This line does two dangerous things in combination. First, the user-controlled XML fields are assembled into a template string. Second, that string is passed to eval() as a dynamically constructed f-string. Python f-strings evaluate expressions inside {} at runtime β€” not just variable substitutions, but arbitrary Python expressions including function calls. Because the input is then eval()β€˜d rather than simply formatted, the evaluation has full interpreter access with no sandboxing.

The regex allowlist includes { and } , the characters required to trigger f-string expression evaluation. This makes the security control self-defeating: the validation passes input through while preserving the exact characters needed for the attack.

Since the process runs as root, any expression evaluated here runs with root privileges.
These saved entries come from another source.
lemma mem_convex_hull_basisD:
  assumes "x \<in> convex hull (v ` {1..n})"
  shows "\<forall>i\<in>{1..n}. 0 \<le> coord i x" and "coord_sum x = 1"
proof -
  obtain u where u0: "\<forall>b\<in>v ` {1..n}. 0 \<le> u b" and u1: "sum u (v ` {1..n}) = 1"
    and x: "(\<Sum>b\<in>v ` {1..n}. u b *\<^sub>R b) = x"
    using assms by (auto simp: convex_hull_finite)
  have coord_x: "coord i x = u (v i)" if "i \<in> {1..n}" for i
    using x coord_sum_scaleR_basis[OF that, of "u \<circ> v"] unfolding sum_basis_image by simp
  show "\<forall>i\<in>{1..n}. 0 \<le> coord i x"
    using u0 coord_x by simp
  show "coord_sum x = 1"
    using u1 coord_x unfolding sum_basis_image by (simp add: coord_sum_def)
qed

lemma mem_simplexI:
  assumes "\<forall>i\<in>{1..n}. 0 \<le> coord i x" and "coord_sum x \<le> 1"
  shows "x \<in> convex hull (insert 0 (v ` {1..n}))"
proof -
  define u where "u b = coord (inv_into {1..n} v b) x" for b
  have u_basis: "u (v i) = coord i x" if "i \<in> {1..n}" for i
    using that inj_basis by (simp add: u_def)
  have "0 \<notin> v ` {1..n}"
    using independent_basis dependent_zero by blast
  moreover have "\<forall>b\<in>v ` {1..n}. 0 \<le> u b"
    using assms(1) u_basis by auto
  moreover have "sum u (v ` {1..n}) \<le> 1"
    using assms(2) u_basis unfolding sum_basis_image by (simp add: coord_sum_def)
  moreover have "(\<Sum>b\<in>v ` {1..n}. u b *\<^sub>R b) = x"
    using u_basis sum_coord_scaleR[of x] unfolding sum_basis_image by simp
  ultimately show ?thesis
    by (subst Starlike.simplex) auto
qed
πŸ“– Transparency note: For the privilege escalation, I initially asked an LLM to help me understand notif.py and craft a payload that would escalate my sedric shell to root. That approach failed. I then referenced an external write-up, which is where I learned the actual technique used here: rather than escalating to an interactive root shell, the solution is a simple targeted file read, embedding {open('/root/root.txt').read()} in the injection field. The write-up also clarified that the goal is the flag, not the shell, and that eval() with an f-string makes arbitrary Python expressions possible. The exploit script below reflects that understanding.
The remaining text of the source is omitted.